I'd run into Ethan exactly twelve times over the past year, not that I was counting. The first was after that English class freshman year, when he'd spoken up for me about the textbook. We'd found ourselves alone in the library a week later, both reaching for the same copy of “The Odyssey.” He'd smiled, actually smiled, and said, “You take it. I've already read it once for fun anyway.” The kind of thing only a West Riverton kid would say—reading classics “for fun” like that was normal.
Then there was the time in the cafeteria when his friend had knocked my tray, sending my sad excuse for a lunch skidding across the floor. While his friends snickered, Ethan had silently handed me his untouched apple and walked away before I could refuse it. Or thank him. Or figure out why he'd done it.
In January, during midterms, I'd been studying in the back corner of the library at a table I thought nobody knew about.
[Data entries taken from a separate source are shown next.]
(* Let $q=p^a$, let $\iota:\mathbf Z_p\to\mathbf C$ be an embedding of rings, and let $(M,F)$ satisfy (M1)–(M4). Then complex conjugation on $M\otimes\mathbf C$ maps the subspace $M^s\otimes_{\mathbf Z_p,\iota}\mathbf C$ onto $M^{2-s}\otimes_{\mathbf Z_p,\iota}\mathbf C$ for $s=0,1,2$. In particular the decomposition $M\otimes\mathbf C=\bigoplus_s M^s\otimes_{\mathbf Z_p,\iota}\mathbf C$ (with $M^s\otimes_{\mathbf Z_p,\iota}\mathbf C$ in Hodge type $(s,2-s)$) is a $\mathbf Z$-Hodge structure on $M$.
   Context: $M$ is a free $\mathbf Z$-module of finite rank with a symmetric bilinear form $\langle-,-\rangle$ and $F$ an endomorphism of $M$. (M1) $\langle-,-\rangle$ is unimodular, even, of signature $(3,19)$; (M2) $\langle Fx,Fy\rangle=q^2\langle x,y\rangle$ for all $x,y$; (M3) $F$ is semisimple on $M\otimes\mathbf C$ with all eigenvalues of absolute value $q$; (M4) the $\mathbf Z_p[F]$-module $M\otimes\mathbf Z_p$ decomposes as $M^0\oplus M^1\oplus M^2$ with $FM^s=q^sM^s$ and $M^0,M^1,M^2$ free of ranks $1,20,1$. Here $M\otimes\mathbf C=(M\otimes\mathbf Z_p)\otimes_{\mathbf Z_p,\iota}\mathbf C$. *)

theory Defs
  imports "HOL-Analysis.Analysis"
begin

text \<open>M is modelled as int^'n (a free Z-module with basis indexed by the finite type 'n);
  the symmetric bilinear form by its Gram matrix G, the endomorphism F by an integer matrix.\<close>

definition bil :: "int^'n^'n \<Rightarrow> int^'n \<Rightarrow> int^'n \<Rightarrow> int" where
  "bil G x y = (\<Sum>i\<in>UNIV. \<Sum>j\<in>UNIV. x$i * G$i$j * y$j)"

definition real_mat :: "int^'n^'m \<Rightarrow> real^'n^'m" where
  "real_mat A = (\<chi> i j. real_of_int (A$i$j))"

definition complex_mat :: "int^'n^'m \<Rightarrow> complex^'n^'m" where
  "complex_mat A = (\<chi> i j. complex_of_int (A$i$j))"

definition has_signature :: "real^'n^'n \<Rightarrow> nat \<Rightarrow> nat \<Rightarrow> bool" where
  "has_signature A r s \<longleftrightarrow> CARD('n) = r + s \<and>
     (\<exists>P::real^'n^'n. \<exists>S::'n set. invertible P \<and> card S = r \<and>
        transpose P ** A ** P = (\<chi> i j. if i = j then (if i \<in> S then 1 else -1) else 0))"

definition M1 :: "int^'n^'n \<Rightarrow> bool" where
  "M1 G \<longleftrightarrow> transpose G = G \<and> (det G = 1 \<or> det G = -1) \<and>
     (\<forall>x. even (bil G x x)) \<and> has_signature (real_mat G) 3 19"

definition M2 :: "nat \<Rightarrow> int^'n^'n \<Rightarrow> int^'n^'n \<Rightarrow> bool" where
  "M2 q G F \<longleftrightarrow> (\<forall>x y. bil G (F *v x) (F *v y) = int q ^ 2 * bil G x y)"

text \<open>(M3): F is semisimple (= diagonalizable, C being algebraically closed) on M\<otimes>C
  and every eigenvalue has absolute value q.\<close>
definition M3 :: "nat \<Rightarrow> int^'n^'n \<Rightarrow> bool" where
  "M3 q F \<longleftrightarrow>
     (\<exists>P::complex^'n^'n. \<exists>d::'n \<Rightarrow> complex. invertible P \<and>
        complex_mat F ** P = P ** (\<chi> i j. if i = j then d i else 0)) \<and>
     (\<forall>(c::complex) (v::complex^'n). v \<noteq> 0 \<and> complex_mat F *v v = c *s v \<longrightarrow> cmod c = real q)"

text \<open>An element of Z_p is a compatible sequence of residues x k \<in> {0..<p^k}.\<close>
definition Zp :: "nat \<Rightarrow> (nat \<Rightarrow> int) set" where
  "Zp p = {x. \<forall>k. 0 \<le> x k \<and> x k < int p ^ k \<and> x (Suc k) mod int p ^ k = x k}"

definition zp_add :: "nat \<Rightarrow> (nat \<Rightarrow> int) \<Rightarrow> (nat \<Rightarrow> int) \<Rightarrow> (nat \<Rightarrow> int)" where
  "zp_add p x y = (\<lambda>k. (x k + y k) mod int p ^ k)"

definition zp_mult :: "nat \<Rightarrow> (nat \<Rightarrow> int) \<Rightarrow> (nat \<Rightarrow> int) \<Rightarrow> (nat \<Rightarrow> int)" where
  "zp_mult p x y = (\<lambda>k. (x k * y k) mod int p ^ k)"

definition zp_one :: "nat \<Rightarrow> (nat \<Rightarrow> int)" where
  "zp_one p = (\<lambda>k. 1 mod int p ^ k)"

definition ring_embedding :: "nat \<Rightarrow> ((nat \<Rightarrow> int) \<Rightarrow> complex) \<Rightarrow> bool" where
  "ring_embedding p \<iota> \<longleftrightarrow> inj_on \<iota> (Zp p) \<and> \<iota> (zp_one p) = 1 \<and>
     (\<forall>x\<in>Zp p. \<forall>y\<in>Zp p. \<iota> (zp_add p x y) = \<iota> x + \<iota> y \<and> \<iota> (zp_mult p x y) = \<iota> x * \<iota> y)"

type_synonym 'n zpvec = "'n \<Rightarrow> nat \<Rightarrow> int"

definition ZpV :: "nat \<Rightarrow> 'n zpvec set" where
  "ZpV p = {x. \<forall>i. x i \<in> Zp p}"

definition zpv_add :: "nat \<Rightarrow> 'n zpvec \<Rightarrow> 'n zpvec \<Rightarrow> 'n zpvec" where
  "zpv_add p x y = (\<lambda>i. zp_add p (x i) (y i))"

text \<open>Action of an integer matrix (F \<otimes> id) on Z_p^n, computed level-wise modulo p^k.\<close>
definition zpv_mat :: "nat \<Rightarrow> int^'n^'n \<Rightarrow> 'n zpvec \<Rightarrow> 'n zpvec" where
  "zpv_mat p F x = (\<lambda>i k. (\<Sum>j\<in>UNIV. F$i$j * x j k) mod int p ^ k)"

definition zpv_smul_int :: "nat \<Rightarrow> int \<Rightarrow> 'n zpvec \<Rightarrow> 'n zpvec" where
  "zpv_smul_int p c x = (\<lambda>i k. (c * x i k) mod int p ^ k)"

definition zpv_lincomb :: "nat \<Rightarrow> nat \<Rightarrow> (nat \<Rightarrow> nat \<Rightarrow> int) \<Rightarrow> (nat \<Rightarrow> 'n zpvec) \<Rightarrow> 'n zpvec" where
  "zpv_lincomb p r c b = (\<lambda>i k. (\<Sum>l<r. c l k * b l i k) mod int p ^ k)"

definition zp_free_submodule :: "nat \<Rightarrow> 'n zpvec set \<Rightarrow> nat \<Rightarrow> bool" where
  "zp_free_submodule p N r \<longleftrightarrow>
     (\<exists>b. (\<forall>l<r. b l \<in> ZpV p) \<and>
        N = {zpv_lincomb p r c b | c. \<forall>l<r. c l \<in> Zp p} \<and>
        (\<forall>c c'. (\<forall>l<r. c l \<in> Zp p \<and> c' l \<in> Zp p) \<longrightarrow>
            zpv_lincomb p r c b = zpv_lincomb p r c' b \<longrightarrow> (\<forall>l<r. c l = c' l)))"

definition M4 :: "nat \<Rightarrow> nat \<Rightarrow> int^'n^'n \<Rightarrow> (nat \<Rightarrow> 'n zpvec set) \<Rightarrow> bool" where
  "M4 p q F Ms \<longleftrightarrow>
     zp_free_submodule p (Ms 0) 1 \<and> zp_free_submodule p (Ms 1) 20 \<and> zp_free_submodule p (Ms 2) 1 \<and>
     (\<forall>x\<in>ZpV p. \<exists>!(x0, x1, x2). x0 \<in> Ms 0 \<and> x1 \<in> Ms 1 \<and> x2 \<in> Ms 2 \<and>
         x = zpv_add p x0 (zpv_add p x1 x2)) \<and>
     (\<forall>s\<le>2. zpv_mat p F ` Ms s = zpv_smul_int p (int q ^ s) ` Ms s)"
Ethan had appeared with a stack of books, hesitated when he saw me, then stood awkwardly for a moment.
“Hi,” he'd said, like we'd never met before. “My name is Ethan.” As if I could have forgotten. As if we hadn't had that lunch conversation, as if he hadn't handed me that apple, as if I hadn't seen him every day in English class for months.
“I know,” I'd replied, not looking up from my notes.
A half-smile had pulled at his mouth. “Mind if I sit here? Everywhere else is full.” It wasn't, but I nodded anyway. We'd sat in silence for two hours, occasionally glancing up to find the other looking away quickly. He'd left a half-full pack of highlighters on the table when he went home. When I tried to return them the next day, he just shook his head. “Keep them. I have more.”